Exercise materials:
%%
(* For $s,t\in\mathbb R$ let $V(s,t)\subset\mathbb R^5$ be the simplex with vertices $(s,1,\tfrac13,1,1)$, $(s,0,\tfrac13,1,1)$, $(s,2-3t,\tfrac13,0,1)$, $(2-3s,t,0,\tfrac13,0)$, $(0,t,1,\tfrac13,0)$, $(1,t,1,\tfrac13,0)$. If $s,t\in[\tfrac49,\tfrac59]$, then $V(s,t)\subset Q_5$, $d_i(V(s,t))=1$ for $i=1,\dots,5$, $\alpha(V(s,t))=\xi(V(s,t))=5=\xi_5$, every vertex of $Q_5$ lies on the boundary of $5V(s,t)$ (so $V(s,t)$ is a perfect simplex), and each of the six hyperplanes containing the $4$-dimensional faces of $V(s,t)$ cuts off from $Q_5$ (on the side not containing $V(s,t)$) a part of volume $\tfrac13$ (so $V(s,t)$ is equisecting).
   Context: $Q_n=[0,1]^n$. For a convex body $\Omega$ and $\sigma>0$, $\sigma\Omega$ is the homothetic image with center at the center of gravity of $\Omega$ and ratio $\sigma$. $\xi(S)$ is the minimal $\sigma\ge1$ with $Q_n\subset\sigma S$; $\alpha(S)$ is the minimal $\sigma>0$ such that $Q_n$ lies in a translate of $\sigma S$; $\xi_n$ is the minimum of $\xi(S)$ over nondegenerate simplices $S\subset Q_n$. $d_i(S)$ is the maximal length of a segment in $S$ parallel to the $x_i$-axis. A simplex $S$ is perfect if $S\subset Q_n\subset\xi_nS$ and all vertices of $Q_n$ lie on the boundary of $\xi_nS$. A simplex $S\subset Q_n$ is equisecting if all hyperplanes containing its $(n-1)$-dimensional faces cut off from $Q_n$ (outward from $S$) parts of equal volume. *)

theory Defs
  imports "HOL-Analysis.Analysis"
begin

definition unit_cube :: "(real^'n) set" where
  "unit_cube = {x. \<forall>i. 0 \<le> x$i \<and> x$i \<le> 1}"

definition cube_vertices :: "(real^'n) set" where
  "cube_vertices = {x. \<forall>i. x$i = 0 \<or> x$i = 1}"

definition center_of_gravity :: "(real^'n) set \<Rightarrow> real^'n" where
  "center_of_gravity \<Omega> = inverse (measure lebesgue \<Omega>) *\<^sub>R integral \<Omega> (\<lambda>x. x)"

definition homot :: "real \<Rightarrow> (real^'n) set \<Rightarrow> (real^'n) set" where
  "homot \<sigma> \<Omega> = (\<lambda>x. center_of_gravity \<Omega> + \<sigma> *\<^sub>R (x - center_of_gravity \<Omega>)) ` \<Omega>"

definition xi :: "(real^'n) set \<Rightarrow> real" where
  "xi S = Inf {\<sigma>. 1 \<le> \<sigma> \<and> unit_cube \<subseteq> homot \<sigma> S}"

definition alpha :: "(real^'n) set \<Rightarrow> real" where
  "alpha S = Inf {\<sigma>. 0 < \<sigma> \<and> (\<exists>v. unit_cube \<subseteq> (\<lambda>x. v + x) ` homot \<sigma> S)}"

definition nondeg_simplex :: "(real^'n::finite) set \<Rightarrow> bool" where
  "nondeg_simplex S \<longleftrightarrow> (int CARD('n)) simplex S"

definition xi_min :: "'n::finite itself \<Rightarrow> real" where
  "xi_min _ = Inf {xi S | S :: (real^'n) set. nondeg_simplex S \<and> S \<subseteq> unit_cube}"

definition axial_diam :: "'n \<Rightarrow> (real^'n) set \<Rightarrow> real" where
  "axial_diam i S = Sup {norm (x - y) | x y. x \<in> S \<and> y \<in> S \<and> (\<forall>j. j \<noteq> i \<longrightarrow> x$j = y$j)}"

definition perfect_simplex :: "(real^'n::finite) set \<Rightarrow> bool" where
  "perfect_simplex S \<longleftrightarrow> nondeg_simplex S \<and> S \<subseteq> unit_cube \<and>
     unit_cube \<subseteq> homot (xi_min TYPE('n)) S \<and>
     cube_vertices \<subseteq> frontier (homot (xi_min TYPE('n)) S)"

definition facet_cutoff :: "(real^'n) set \<Rightarrow> real^'n \<Rightarrow> real \<Rightarrow> bool" where
  "facet_cutoff C v c \<longleftrightarrow> (\<exists>a b. a \<noteq> 0 \<and> (\<forall>w\<in>C - {v}. a \<bullet> w = b) \<and> a \<bullet> v < b \<and>
      measure lebesgue (unit_cube \<inter> {x. b < a \<bullet> x}) = c)"

definition equisecting :: "(real^'n) set \<Rightarrow> bool" where
  "equisecting C \<longleftrightarrow> (\<exists>c. \<forall>v\<in>C. facet_cutoff C v c)"

definition Vverts :: "real \<Rightarrow> real \<Rightarrow> (real^5) set" where
  "Vverts s t = {vector [s, 1, 1/3, 1, 1], vector [s, 0, 1/3, 1, 1],
                 vector [s, 2 - 3 * t, 1/3, 0, 1], vector [2 - 3 * s, t, 0, 1/3, 0],
                 vector [0, t, 1, 1/3, 0], vector [1, t, 1, 1/3, 0]}"

definition V :: "real \<Rightarrow> real \<Rightarrow> (real^5) set" where
  "V s t = convex hull (Vverts s t)"

end

theory Submission
  imports Defs
begin
lemma Omega_L_agree_below:
  assumes u: "u \<in> Omega_L V iota" and u': "u' \<in> Omega_L V iota"
  shows "u L = u' L \<Longrightarrow> l \<le> L \<Longrightarrow> u l = u' l"
proof (induction L)
  case (Suc L)
  show ?case
  proof (cases "l = Suc L")
    case False
    have "u L = iota (u (Suc L))" using u by (simp add: Omega_L_def)
    also have "\<dots> = u' L" using u' Suc.prems(1) by (simp add: Omega_L_def)
    finally show ?thesis using Suc.IH False Suc.prems(2) by simp
  qed (use Suc.prems in simp)
qed simp

lemma funpow_compatible:
  assumes "\<And>l. g (u (Suc l)) = u l"
  shows "(g ^^ k) (u (l + k)) = u l"
  by (induction k) (simp_all add: funpow_swap1 assms)

lemma topspace_Omega_top: "topspace (Omega_top V iota) = Omega_L V iota"
  unfolding Omega_top_def by (auto simp: Omega_L_def PiE_iff)

lemma E_L_Omega_L:
  "(u, \<alpha>, w) \<in> E_L Alph V E src trg lab iota \<Longrightarrow> u \<in> Omega_L V iota \<and> \<alpha> \<in> Alph \<and> w \<in> Omega_L V iota"
  unfolding E_L_def by simp

lemma X_L_iff_E_L_path:
  "x \<in> X_L Alph V E src trg lab iota \<longleftrightarrow>
     (\<exists>w. \<forall>k. (w k, fst (x k), w (Suc k)) \<in> E_L Alph V E src trg lab iota \<and> snd (x k) = w (Suc k))"
proof
  assume "x \<in> X_L Alph V E src trg lab iota"
  then obtain u0 where start: "(u0, fst (x 0), snd (x 0)) \<in> E_L Alph V E src trg lab iota"
    and chain: "\<And>k. (snd (x k), fst (x (Suc k)), snd (x (Suc k))) \<in> E_L Alph V E src trg lab iota"
    unfolding X_L_def by blast
  define w where "w = case_nat u0 (snd \<circ> x)"
  have w_Suc: "w (Suc k) = snd (x k)" for k by (simp add: w_def)
  have edges: "(w k, fst (x k), snd (x k)) \<in> E_L Alph V E src trg lab iota" for k
    using start chain by (cases k) (simp_all add: w_def)
  show "\<exists>w. \<forall>k. (w k, fst (x k), w (Suc k)) \<in> E_L Alph V E src trg lab iota \<and> snd (x k) = w (Suc k)"
  proof (intro exI allI conjI)
    fix k
    show "(w k, fst (x k), w (Suc k)) \<in> E_L Alph V E src trg lab iota" unfolding w_Suc by (rule edges)
    show "snd (x k) = w (Suc k)" by (rule w_Suc[symmetric])
  qed
next
  assume "\<exists>w. \<forall>k. (w k, fst (x k), w (Suc k)) \<in> E_L Alph V E src trg lab iota \<and> snd (x k) = w (Suc k)"
  then obtain w where w: "\<And>k. (w k, fst (x k), w (Suc k)) \<in> E_L Alph V E src trg lab iota"
    and snd_x: "\<And>k. snd (x k) = w (Suc k)" by blast
  have "fst (x k) \<in> Alph \<and> snd (x k) \<in> Omega_L V iota" for k
    using E_L_Omega_L[OF w[of k]] snd_x[of k] by simp
  then have coords: "\<forall>k. fst (x k) \<in> Alph \<and> snd (x k) \<in> Omega_L V iota" ..
  have "(snd (x k), fst (x (Suc k)), snd (x (Suc k))) \<in> E_L Alph V E src trg lab iota" for k
    using w[of "Suc k"] by (simp only: snd_x)
  then have chain: "\<forall>k. (snd (x k), fst (x (Suc k)), snd (x (Suc k))) \<in> E_L Alph V E src trg lab iota" ..
  have start: "(w 0, fst (x 0), snd (x 0)) \<in> E_L Alph V E src trg lab iota"
    using w[of 0] by (simp only: snd_x)
  have "w 0 \<in> Omega_L V iota" using E_L_Omega_L[OF w[of 0]] by simp
  with coords chain start show "x \<in> X_L Alph V E src trg lab iota"
    unfolding X_L_def by (intro CollectI conjI bexI)
qed

lemma X_L_coords:
  "x \<in> X_L Alph V E src trg lab iota \<Longrightarrow> fst (x k) \<in> Alph \<and> snd (x k) \<in> Omega_L V iota"
  unfolding X_L_def by blast

lemma limitin_Omega_top:
  assumes "u \<in> Omega_L V iota" "\<And>N. U N \<in> Omega_L V iota"
    and "\<And>l. \<forall>\<^sub>F N in sequentially. U N l = u l"
  shows "limitin (Omega_top V iota) U u sequentially"
  unfolding Omega_top_def limitin_subtopology limitin_componentwise
proof (intro conjI ballI)
  show "\<forall>\<^sub>F N in sequentially. U N \<in> topspace (product_topology (\<lambda>l. discrete_topology (V l)) UNIV)"
    using assms(2) by (simp add: Omega_L_def PiE_iff)
  show "limitin (discrete_topology (V l)) (\<lambda>N. U N l) (u l) sequentially" for l
    using assms(1,3) by (intro limitin_eventually) (simp_all add: Omega_L_def)
qed (use assms in auto)
lemma entries_prod_zero_coord_at:
  assumes "set vs \<subseteq> bincoords n" "i < n"
  shows "entries_prod n x (zero_coord_at J i vs) =
    (\<Prod>j<length vs. (if j \<in> J then collapse n i else id) (entry n (vs ! j) (x j)))"
proof -
  have "entry n (zero_coord_at J i vs ! j) (x j) = (if j \<in> J then collapse n i else id) (entry n (vs ! j) (x j))"
    if "j < length vs" for j
  proof -
    have "vs ! j \<in> bincoords n"
      using assms(1) nth_mem[OF that] by blast
    then show ?thesis
      using that by (simp add: collapse_entry assms(2))
  qed
  then show ?thesis
    unfolding entries_prod_def by (intro prod.cong) simp_all
qed

lemma entries_prod_sim1_0_if_uncovered:
  assumes "set vs \<subseteq> bincoords n" "i < n" "\<forall>j<length vs. vs ! j ! i = 0"
  shows "sim1 n (entries_prod n x vs) 0"
proof -
  have "(vs ! j)[i := 0] = vs ! j" if "j < length vs" for j
    using assms(3) that by (metis list_update_id)
  then have "zero_coord_at {..<length vs} i vs = vs"
    by (simp add: list_eq_iff_nth_eq)
  then have "entries_prod n x vs = (\<Prod>j<length vs. collapse n i (entry n (vs ! j) (x j)))"
    using entries_prod_zero_coord_at[OF assms(1,2), of x "{..<length vs}"] by simp
  also have "\<dots> = collapse n i (entries_prod n x vs)"
    by (simp add: entries_prod_def collapse_prod)
  finally have fixed: "entries_prod n x vs = collapse n i (entries_prod n x vs)" .
  show ?thesis
    by (subst fixed) (rule collapse_sim1_0[OF vars_entries_prod[OF assms(1)] assms(2)])
qed

lemma entries_prod_sim1_split:
  assumes "set vs \<subseteq> bincoords n" "i < n" "j0 < length vs"
  shows "sim1 n (entries_prod n x vs)
    (entries_prod n x (zero_coord_at ({..<length vs} - {j0}) i vs) + entries_prod n x (zero_coord_at {j0} i vs))"
proof -
  define p where "p = entry n (vs ! j0) (x j0)"
  define q where "q = (\<Prod>j\<in>{..<length vs} - {j0}. entry n (vs ! j) (x j))"
  have bin: "vs ! j \<in> bincoords n" if "j < length vs" for j
    using assms(1) nth_mem[OF that] by blast
  have "entries_prod n x vs = p * q"
    unfolding entries_prod_def p_def q_def using assms(3) by (simp add: prod.remove)
  moreover have "entries_prod n x (zero_coord_at ({..<length vs} - {j0}) i vs) = p * collapse n i q"
  proof -
    have "(\<Prod>j\<in>{..<length vs} - {j0}. (if j \<in> {..<length vs} - {j0} then collapse n i else id)
        (entry n (vs ! j) (x j))) = collapse n i q"
      unfolding q_def collapse_prod by (rule prod.cong) auto
    then show ?thesis
      unfolding entries_prod_zero_coord_at[OF assms(1,2)] p_def using assms(3) by (simp add: prod.remove)
  qed
  moreover have "entries_prod n x (zero_coord_at {j0} i vs) = collapse n i p * q"
  proof -
    have "(\<Prod>j\<in>{..<length vs} - {j0}. (if j \<in> {j0} then collapse n i else id)
        (entry n (vs ! j) (x j))) = q"
      unfolding q_def by (rule prod.cong) auto
    then show ?thesis
      unfolding entries_prod_zero_coord_at[OF assms(1,2)] p_def using assms(3) by (simp add: prod.remove)
  qed
  moreover have "vars p \<subseteq> nzcoords n (ones n)"
    unfolding p_def using bin[OF assms(3)] by (rule vars_entry)
  moreover have "vars q \<subseteq> nzcoords n (ones n)"
  proof -
    have "vars q \<subseteq> (\<Union>j\<in>{..<length vs} - {j0}. vars (entry n (vs ! j) (x j)))"
      unfolding q_def by (rule vars_prod)
    also have "\<dots> \<subseteq> nzcoords n (ones n)"
      using bin by (intro UN_least vars_entry) auto
    finally show ?thesis .
  qed
  ultimately show ?thesis
    using sim1_hochschild assms(2) by simp
qed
%%
The expected output is the lines from the one with "n x vs = p *" through the end of the data, exactly as written and nothing more.

Result:
  have "entries_prod n x vs = p * q"
    unfolding entries_prod_def p_def q_def using assms(3) by (simp add: prod.remove)
  moreover have "entries_prod n x (zero_coord_at ({..<length vs} - {j0}) i vs) = p * collapse n i q"
  proof -
    have "(\<Prod>j\<in>{..<length vs} - {j0}. (if j \<in> {..<length vs} - {j0} then collapse n i else id)
        (entry n (vs ! j) (x j))) = collapse n i q"
      unfolding q_def collapse_prod by (rule prod.cong) auto
    then show ?thesis
      unfolding entries_prod_zero_coord_at[OF assms(1,2)] p_def using assms(3) by (simp add: prod.remove)
  qed
  moreover have "entries_prod n x (zero_coord_at {j0} i vs) = collapse n i p * q"
  proof -
    have "(\<Prod>j\<in>{..<length vs} - {j0}. (if j \<in> {j0} then collapse n i else id)
        (entry n (vs ! j) (x j))) = q"
      unfolding q_def by (rule prod.cong) auto
    then show ?thesis
      unfolding entries_prod_zero_coord_at[OF assms(1,2)] p_def using assms(3) by (simp add: prod.remove)
  qed
  moreover have "vars p \<subseteq> nzcoords n (ones n)"
    unfolding p_def using bin[OF assms(3)] by (rule vars_entry)
  moreover have "vars q \<subseteq> nzcoords n (ones n)"
  proof -
    have "vars q \<subseteq> (\<Union>j\<in>{..<length vs} - {j0}. vars (entry n (vs ! j) (x j)))"
      unfolding q_def by (rule vars_prod)
    also have "\<dots> \<subseteq> nzcoords n (ones n)"
      using bin by (intro UN_least vars_entry) auto
    finally show ?thesis .
  qed
  ultimately show ?thesis
    using sim1_hochschild assms(2) by simp
qed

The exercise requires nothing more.